Topic Presentation (30m talk and 15m discussion)

Reading for Presentation is organized around topic blocks, with four papers assigned per block and typically two papers discussed in each class session. Each student is required to present a total of two to three papers over the course of the term. Students may indicate their topic and paper preferences using the provided interest form. Presenters should select papers across perspectives, with at least one paper from the human centered track and one from the machine centered track.

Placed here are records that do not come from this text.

(* Let $V$ be a unitary vertex operator superalgebra. Then there exist strong CFT type unitary simple vertex operator superalgebras $V^1,\dots,V^k$ (of the same central charge) such that $V$ is isomorphic to the direct sum vertex operator superalgebra $V^1\oplus\cdots\oplus V^k$.
   Context: A vertex operator superalgebra (VOSA) $(V,Y,\mathbf 1,\omega)$ has $L(n)=\omega_{n+1}$, grading $V=\bigoplus_{n\in\frac12\mathbb Z}V_n$ by $L(0)$-eigenvalues. A pair $(V,\phi)$ is a unitary VOSA if $\phi$ is an anti-linear involution of $V$ (anti-linear bijection of order 2 with $\phi(\mathbf 1)=\mathbf 1$, $\phi(\omega)=\omega$, $\phi(u_nv)=\phi(u)_n\phi(v)$) and there is a positive definite Hermitian form $(\,,)$ on $V$ with $(Y(e^{zL(1)}(-1)^{L(0)+2L(0)^2}z^{-2L(0)}a,z^{-1})u,v)=(u,Y(\phi(a),z)v)$ for all $a,u,v\in V$. $V$ is of strong CFT type if $V_0=\mathbb C\mathbf 1$, $V_n=0$ for $n<0$, and $L(1)V_1=0$. $V$ is simple if it has no ideals other than $0$ and $V$. The direct sum of VOSAs $V^1,\dots,V^k$ of equal central charge has underlying space $\bigoplus V^i$, componentwise vertex operators, vacuum $(\mathbf 1^1,\dots,\mathbf 1^k)$ and conformal vector $(\omega^1,\dots,\omega^k)$. *)

theory Defs
  imports Complex_Main "HOL-Library.Function_Algebras"
begin

text \<open>A VOSA lives on a carrier subspace of an ambient additive group 'v, equipped with
  a complex scalar multiplication sc (a complex vector space structure).
  Y V a n b is the mode a_n b (n an integer); vac is the vacuum, cv the conformal vector.
  The L(0)-grading index h :: int stands for the weight h/2 (so weights range over 1/2 Z);
  the parity of a homogeneous vector of weight h/2 is h mod 2.\<close>

record 'v vosa =
  carrier :: "'v set"
  Y :: "'v \<Rightarrow> int \<Rightarrow> 'v \<Rightarrow> 'v"
  vac :: 'v
  cv :: 'v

  • In depth survey and lecture: Each presenting student prepares a structured synthesis of the topic and leads the class through a lecture style presentation and discussion.
  • Required components: Presentations must include a curated reading list, summary of key technical ideas and takeaways, and a limitation or discussion effort when feasible.
  • Lecture format: Sessions follow a seminar style format, with presenters responsible for moderating discussion and encouraging critical engagement from the class.
  • Bonus Point: Fruitful discussions and insightful questions during presentations may be rewarded with bonus participation points at the instructor's discretion.

Class Projects

The course includes a semester long research or implementation project. Projects should go beyond surface level performance gains and instead focus on novel failure modes, under explored behaviors, or emerging risks of large language models or agentic systems. Incremental leaderboard gains or prompt only tweaks are discouraged. Projects may be completed individually or in small teams, maximum 2 members. Each project must be DK confirmed during DK Office Hour week (Feb 10, 12) and grounded in a clear research question, supported by relevant literature and empirical analysis.

Project Scope

Students are encouraged to produce one of the following research artifacts:

  • A benchmark or evaluation suite
  • A dataset capturing non trivial behaviors or failure modes
  • A measurement or diagnostic framework
  • A failure taxonomy or behavioral analysis
  • A mitigation, repair, or control algorithm

Deliverables

Each team must submit a written report, reproducible code or data, and presentation materials via Canvas. Reports should follow a standard conference paper format, ACL style preferred, using templates via Overleaf or GitHub.

Milestones and Timeline

The following milestones are aligned with the course schedule. Canvas submission links will be provided.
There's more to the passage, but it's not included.